Rezension

Wissenschaftliche Methoden verstehen lernen

Die kleinste gemeinsame Wirklichkeit -

Die kleinste gemeinsame Wirklichkeit
von Mai Thi Nguyen-Kim

Bewertet mit 4 Sternen

Mit „Die kleinste gemeinsame Wirklichkeit“ veröffentlicht die Chemikerin und Wissenschaftsjournalistin (Grimme-Preisträgerin 2021 für Besondere Journalistische Leistung) Dr. Mai Thi Nguyen-Kim ihr zweites Buch bei Droemer Knaur. Sie geht darin acht intensiv diskutierten Streitfragen auf den Grund. Was kann wirklich anhand von wissenschaftlichen Fakten belegt werden? Wie verlässlich sind diese und wo gibt es (noch) gar keinen Beweis?

Die Autorin kannte ich bereits vorab durch ihr YouTube Format „maiLab“. In ihren Videos bereitet sie wissenschaftliche Themen und Theorien, seien es hochaktuelle rund um Covid-19, oder weniger prominente wie Vitamin D, für Nicht-Wissenschaftler und Statistik-Laien auf. Beides trifft auf mich zu und ich fühle mich auf meinem Wissensstand immer sehr gut abgeholt. Dr. Nguyen-Kim vermittelt anschauliche Grundlagen, soweit sie für das Verständnis erforderlich sind und wendet diese dann auf das vorgestellte Thema anschaulich an. Sie erklärt nicht nur gut, sondern ist dabei noch unterhaltsam, was mich jedes Mal erneut fesselt.

In ihrem Buch geht sie nun ganz ähnlich vor. Acht verschiedene Themen behandelt sie inhaltlich auf diese Weise: Legalisierung von Drogen, Videospiele und Gewalt, Gender Pay Gap, Big Pharma vs. Alternative Medizin, Impfungen, Erblichkeit von Intelligenz, das Denken von Frauen und Männern und die ethische Frage bei Tierversuchen. Manche Themen haben mein Interesse mehr geweckt als andere, aber viele Kapitel eignen sich hervorragend um den Leser*innen ein paar Grundlagen zu vermitteln: Was ist der Korrelationskoeffizient, wo ist der Unterschied zu Kausalität und was ist statistische Signifikanz? Im Studium habe ich vor Statistik Reißaus genommen, in diesem Buch konnte ich gar nicht mehr verstehen, wieso. Die Erklärungen waren sehr gut nachzuvollziehen, die Beispiele aus der Praxis interessant und eingängig. Natürlich muss man jederzeit konzentriert lesen, was zuweilen anstrengend sein kann, aber es lohnt sich.

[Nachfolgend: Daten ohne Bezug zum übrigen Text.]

(* Let $(X,\mu)$ be a non-atomic probability space equipped with a tree $\mathcal T$, let $M_{\mathcal T}$ be the associated dyadic maximal operator, and let $p>1$. Let $\phi:X\to[0,+\infty)$ satisfy $\int_X\phi\,d\mu=f$ and $\int_X\phi^p\,d\mu=F$ where $0<f^p\leq F$, and let $K\subseteq X$ be measurable with $\mu(K)=k$, where $k\in(0,1]$. Then \[ \int_K(M_{\mathcal T}\phi)^p\,d\mu\leq\int_0^k[\phi^\star(u)]^p\,du\cdot\omega_p\!\left(\frac{\left(\int_0^k\phi^\star(u)\,du\right)^p}{k^{p-1}\int_0^k[\phi^\star(u)]^p\,du}\right)^p. \]
   Context: A tree on a non-atomic probability space $(X,\mu)$ is a family $\mathcal T$ of measurable subsets of $X$ such that: (i) $X\in\mathcal T$ and $\mu(I)>0$ for every $I\in\mathcal T$; (ii) for every $I\in\mathcal T$ there is a finite or countable subset $C(I)\subseteq\mathcal T$ with at least two elements, whose elements are pairwise disjoint subsets of $I$ with union $I$; (iii) $\mathcal T=\bigcup_{m\geq0}\mathcal T_{(m)}$, where $\mathcal T_{(0)}=\{X\}$ and $\mathcal T_{(m+1)}=\bigcup_{I\in\mathcal T_{(m)}}C(I)$; (iv) $\lim_{m\to\infty}\sup_{I\in\mathcal T_{(m)}}\mu(I)=0$; (v) $\mathcal T$ differentiates $L^1(X,\mu)$. The dyadic maximal operator is $M_{\mathcal T}\phi(x)=\sup\{\frac{1}{\mu(I)}\int_I|\phi|\,d\mu: x\in I\in\mathcal T\}$. $\phi^\star:(0,1]\to[0,+\infty)$ is the non-increasing, left-continuous rearrangement of $\phi$ (equimeasurable with $\phi$). $\omega_p:[0,1]\to[1,\frac{p}{p-1}]$ is the inverse of the function $H_p(z)=pz^{p-1}-(p-1)z^p$ restricted to $[1,\frac{p}{p-1}]$. *)

theory Defs
  imports "HOL-Probability.Probability"
begin

definition non_atomic :: "'a measure \<Rightarrow> bool" where
  "non_atomic M \<longleftrightarrow> (\<forall>A\<in>sets M. measure M A > 0 \<longrightarrow>
      (\<exists>B\<in>sets M. B \<subseteq> A \<and> 0 < measure M B \<and> measure M B < measure M A))"

fun tree_level :: "('a set \<Rightarrow> 'a set set) \<Rightarrow> 'a set \<Rightarrow> nat \<Rightarrow> 'a set set" where
  "tree_level C X 0 = {X}"
| "tree_level C X (Suc m) = \<Union> (C ` tree_level C X m)"

definition avg :: "'a measure \<Rightarrow> 'a set \<Rightarrow> ('a \<Rightarrow> real) \<Rightarrow> real" where
  "avg M I \<phi> = (1 / measure M I) * (\<integral>y\<in>I. \<bar>\<phi> y\<bar> \<partial>M)"

definition differentiates_L1 :: "'a measure \<Rightarrow> 'a set set \<Rightarrow> bool" where
  "differentiates_L1 M T \<longleftrightarrow> (\<forall>\<phi> :: 'a \<Rightarrow> real. integrable M \<phi> \<longrightarrow>
     (AE x in M. \<forall>\<epsilon>>0. \<exists>\<delta>>0. \<forall>I\<in>T. x \<in> I \<and> measure M I < \<delta> \<longrightarrow>
        \<bar>(1 / measure M I) * (\<integral>y\<in>I. \<phi> y \<partial>M) - \<phi> x\<bar> < \<epsilon>))"

definition is_tree :: "'a measure \<Rightarrow> 'a set set \<Rightarrow> bool" where
  "is_tree M T \<longleftrightarrow> T \<subseteq> sets M \<and> space M \<in> T \<and> (\<forall>I\<in>T. measure M I > 0) \<and>
    (\<exists>C. (\<forall>I\<in>T. C I \<subseteq> T \<and> countable (C I) \<and> (\<exists>J1\<in>C I. \<exists>J2\<in>C I. J1 \<noteq> J2) \<and>
              disjoint (C I) \<and> (\<forall>J\<in>C I. J \<subseteq> I) \<and> \<Union> (C I) = I)
       \<and> T = (\<Union>m. tree_level C (space M) m)
       \<and> ((\<lambda>m. SUP I\<in>tree_level C (space M) m. measure M I) \<longlonglongrightarrow> 0))
    \<and> differentiates_L1 M T"

definition dyadic_max :: "'a measure \<Rightarrow> 'a set set \<Rightarrow> ('a \<Rightarrow> real) \<Rightarrow> 'a \<Rightarrow> ennreal" where
  "dyadic_max M T \<phi> x = (SUP I\<in>{I\<in>T. x \<in> I}. ennreal (avg M I \<phi>))"

definition ennreal_powr :: "ennreal \<Rightarrow> real \<Rightarrow> ennreal" where
  "ennreal_powr x p = (if x = \<top> then \<top> else ennreal (enn2real x powr p))"

definition rearr :: "'a measure \<Rightarrow> ('a \<Rightarrow> real) \<Rightarrow> real \<Rightarrow> real" where
  "rearr M \<phi> t = Inf {s. s \<ge> 0 \<and> measure M {x\<in>space M. \<phi> x > s} < t}"

definition H_fun :: "real \<Rightarrow> real \<Rightarrow> real" where
  "H_fun p z = p * z powr (p - 1) - (p - 1) * z powr p"

definition omega :: "real \<Rightarrow> real \<Rightarrow> real" where
  "omega p y = (THE z. z \<in> {1..p / (p - 1)} \<and> H_fun p z = y)"

end

theory Submission
  imports Defs
begin
text \<open>On the unit circle \<open>|b| = 1\<close>, so by Parseval \<open>\<Sum>|c\<^sub>k|\<^sup>2 = 1\<close> for the Taylor coefficients
  \<open>c\<^sub>k\<close> of \<open>b\<close>; moreover \<open>\<Sum> k |c\<^sub>k|\<^sup>2\<close> is the circle integral of \<open>conj b \<cdot> z b'\<close>, at most
  \<open>\<integral>|b'|\<close>, and \<open>\<Sum> k\<^sup>2 |c\<^sub>k|\<^sup>2 = \<integral>|b'|\<^sup>2\<close>. On the circle \<open>|b'|\<close> is bounded by the sum of the
  Poisson kernels of the zeros, each of total mass 1 and of supremum at most \<open>2/\<epsilon>\<close>; hence
  the two moments are at most \<open>n\<close> and \<open>2n\<^sup>2/\<epsilon>\<close>. Finally, for \<open>1 \<le> p \<le> 2\<close> the weight
  \<open>(k+1)\<^sup>p\<close> is at most \<open>\<epsilon>^(1-p) (k+1) + \<epsilon>^(2-p) (k+1)\<^sup>2\<close>.\<close>

definition circle_point :: "real \<Rightarrow> complex" where
  "circle_point t = exp (2 * of_real pi * \<i> * of_real t)"

lemma norm_circle_point [simp]: "norm (circle_point t) = 1"
  unfolding circle_point_def by (simp add: norm_exp_eq_Re)

lemma continuous_on_circle_point [continuous_intros]: "continuous_on A circle_point"
  unfolding circle_point_def by (intro continuous_intros)

lemma continuous_on_compose_circle_point [continuous_intros]:
  "continuous_on (sphere 0 1) f \<Longrightarrow> continuous_on A (\<lambda>t. f (circle_point t))"
  by (rule continuous_on_compose2[OF _ continuous_on_circle_point]) auto

lemma cnj_mult_self: "cnj w * w = complex_of_real (norm w ^ 2)"
  by (metis complex_norm_square mult.commute)

subsection \<open>Fourier coefficients of power series on the unit circle\<close>

lemma has_integral_exp_2pi_int:
  fixes d :: int
  shows "((\<lambda>t. exp (2 * of_real pi * \<i> * of_int d * of_real t)) has_integral
           (if d = 0 then 1 else 0)) {0..1::real}"
proof (cases "d = 0")
  case True
  then show ?thesis using has_integral_const_real[of "1::complex" 0 1] by simp
next
  case False
  define c where "c = 2 * of_real pi * \<i> * (of_int d :: complex)"
  have c0: "c \<noteq> 0" using False by (simp add: c_def)
  have "((\<lambda>t. exp (c * of_real t)) has_integral (exp (c * of_real 1) / c - exp (c * of_real 0) / c))
          {0..1::real}"
  proof (rule fundamental_theorem_of_calculus)
    fix x :: real assume "x \<in> {0..1}"
    have "((\<lambda>t. exp (c * of_real t) / c) has_vector_derivative (exp (c * of_real x) * (c * 1)) / c) (at x)"
      by (auto intro!: derivative_eq_intros has_vector_derivative_real_field simp: field_simps)
    then show "((\<lambda>t. exp (c * of_real t) / c) has_vector_derivative exp (c * of_real x)) (at x within {0..1})"
      using c0 by (auto intro: has_vector_derivative_at_within)
  qed simp
  moreover have "exp c = 1"
    using exp_integer_2pi[of "of_int d"] unfolding c_def by (simp add: mult_ac)
  ultimately show ?thesis using False by (simp add: c_def)
qed

lemma integral_circle_point_power_cnj_power:
  "integral {0..1} (\<lambda>t. circle_point t ^ k * cnj (circle_point t) ^ m) = (if k = m then 1 else 0)"
proof -
  have "circle_point t ^ k * cnj (circle_point t) ^ m
          = exp (2 * of_real pi * \<i> * of_int (int k - int m) * of_real t)" for t
  proof -
    have "circle_point t ^ k = exp (of_nat k * (2 * of_real pi * \<i> * of_real t))"
      unfolding circle_point_def by (simp add: exp_of_nat_mult)
    moreover have "cnj (circle_point t) ^ m = exp (of_nat m * (- (2 * of_real pi * \<i> * of_real t)))"
      unfolding circle_point_def exp_cnj by (simp only: exp_of_nat_mult) simp
    ultimately show ?thesis by (simp add: exp_add[symmetric] algebra_simps)
  qed
  then show ?thesis using has_integral_exp_2pi_int[of "int k - int m"] by (simp add: integral_unique)
qed

lemma power_series_integral_circle:
  fixes a :: "nat \<Rightarrow> complex" and f :: "complex \<Rightarrow> complex" and H :: "real \<Rightarrow> complex"
  assumes R: "1 < R" and S: "\<And>z. norm z < R \<Longrightarrow> (\<lambda>k. a k * z ^ k) sums f z"
    and H: "continuous_on {0..1} H"
  shows "(\<lambda>k. a k * integral {0..1} (\<lambda>t. H t * circle_point t ^ k))
           sums integral {0..1} (\<lambda>t. H t * f (circle_point t))"
proof -
  define \<rho> where "\<rho> = (1 + R) / 2"
  have "1 < \<rho>" and "\<rho> < R"
    using R by (simp_all add: \<rho>_def)
  then have "norm (complex_of_real \<rho>) < R" and "norm (1 :: complex) < norm (complex_of_real \<rho>)"
    by simp_all
  from powser_insidea[OF sums_summable[OF S[OF this(1)]] this(2)]
  have sa: "summable (\<lambda>k. norm (a k))" by simp
  obtain B where B: "\<forall>t \<in> {0..1}. norm (H t) \<le> B"
    using compact_imp_bounded[OF compact_continuous_image[OF H compact_Icc]]
    by (auto simp: bounded_iff)
  define g where "g k t = H t * (a k * circle_point t ^ k)" for k t
  have "norm (g k t) \<le> B * norm (a k)" if "t \<in> {0..1}" for k t
    unfolding g_def norm_mult norm_power norm_circle_point
    using B that by (simp add: mult_right_mono)
  then have u: "uniform_limit {0..1} (\<lambda>n t. \<Sum>i<n. g i t) (\<lambda>t. \<Sum>i. g i t) sequentially"
    by (rule Weierstrass_m_test) (use sa in \<open>auto intro: summable_mult\<close>)
  have c: "continuous_on {0..1} (\<lambda>t. \<Sum>i<n. g i t)" for n
    unfolding g_def by (intro continuous_intros H)
  obtain I J where I: "\<And>n. ((\<lambda>t. \<Sum>i<n. g i t) has_integral I n) {0..1}"
    and J: "((\<lambda>t. \<Sum>i. g i t) has_integral J) {0..1}" and lim: "I \<longlonglongrightarrow> J"
    using uniform_limit_integral[OF u c] by auto
  have "(\<Sum>i. g i t) = H t * f (circle_point t)" for t
    using sums_mult[OF S[of "circle_point t"], of "H t"] R unfolding g_def by (simp add: sums_iff)
  with J have J_eq: "J = integral {0..1} (\<lambda>t. H t * f (circle_point t))"
    by (simp add: integral_unique)
  have I_eq: "I n = (\<Sum>k<n. a k * integral {0..1} (\<lambda>t. H t * circle_point t ^ k))" for n
  proof -
    have "(g k has_integral a k * integral {0..1} (\<lambda>t. H t * circle_point t ^ k)) {0..1}" for k
      unfolding g_def mult.left_commute[of "H _"]
      by (intro has_integral_mult_right integrable_integral integrable_continuous_real
          continuous_intros H)
    then have "((\<lambda>t. \<Sum>i<n. g i t) has_integral
                 (\<Sum>k<n. a k * integral {0..1} (\<lambda>t. H t * circle_point t ^ k))) {0..1}"
      by (intro has_integral_sum) auto
    then show ?thesis using I[of n] has_integral_unique by blast
  qed
  show ?thesis using lim unfolding sums_def I_eq J_eq .
qed

lemma power_series_coeff_integral:
  fixes a :: "nat \<Rightarrow> complex" and f :: "complex \<Rightarrow> complex"
  assumes R: "1 < R" and S: "\<And>z. norm z < R \<Longrightarrow> (\<lambda>k. a k * z ^ k) sums f z"
  shows "integral {0..1} (\<lambda>t. f (circle_point t) * cnj (circle_point t) ^ m) = a m"
proof -
  have "(\<lambda>k. a k * integral {0..1} (\<lambda>t. cnj (circle_point t) ^ m * circle_point t ^ k))
          sums integral {0..1} (\<lambda>t. cnj (circle_point t) ^ m * f (circle_point t))"
    by (rule power_series_integral_circle[OF R]) (auto intro: S intro!: continuous_intros)
  then have "(\<lambda>k. a k * (if k = m then 1 else 0))
               sums integral {0..1} (\<lambda>t. f (circle_point t) * cnj (circle_point t) ^ m)"
    using integral_circle_point_power_cnj_power by (simp add: mult_ac)
  moreover have "(\<lambda>k. a k * (if k = m then 1 else 0)) sums a m"
    using sums_single[of m a] by (simp add: if_distrib cong: if_cong)
  ultimately show ?thesis using sums_unique2 by blast
qed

Dieses Buch macht aus niemandem einen Wissenschaftler oder Experten in dem einen oder anderen Thema – dazu sind die Fragestellungen viel zu komplex und häufig muss man einräumen, dass die Datenlage nicht ausreichend ist um eine einzig zulässige Schlussfolgerung zu ziehen. Darum geht es auch nicht. Genauso wenig versucht die Autorin, ihre Meinung als objektive Fakten darzustellen. Es ist jederzeit klar gekennzeichnet, wenn sie ihre eigene Meinung darlegt.

Es geht darum, jede/n einzelne/n Leser*in darauf aufmerksam zu machen, wie wichtig es ist, sich kritisch mit den Ergebnissen wissenschaftlicher Studien auseinander zu setzen. Das Ergebnis einer solchen ist schnell zitiert. Diese verkürzten Aussagen enthalten aber nicht immer alle Informationen, die es braucht, um das Ergebnis im Kontext des gesamten Themas sehen zu können. Dr. Nguyen-Kim hilft hier jeder interessierten Person, diese Informationen zu finden. Sie befähigt uns, aufgrund von Fakten – nicht aufgrund von Halbwahrheiten – unsere eigenen Schlüsse zu ziehen.

Zusammenfassend komme ich zu 4 von 5 Sternen und zu einer klaren Leseempfehlung. Dr. Mai Thi Nguyen-Kim vermittelt die Grundlagen der Forschung und Statistik leicht und anschaulich und hilft, wissenschaftliche Methoden kritisch zu hinterfragen. Die Themen hätten noch etwas besser aufeinander abgestimmt sein können. Einen roten Faden gibt es zwar methodisch, aber nicht unbedingt inhaltlich. Auch hätte ich mich gefreut, wenn zumindest ein Teil der Themen in diesem Buch noch nicht auf ihrem YouTube Kanal behandelt worden wären.

Ihr erstes Buch werde ich aber auf jeden Fall noch nachholen und mich mit kommenden Veröffentlichungen – egal, ob Video oder Buch – gerne beschäftigen.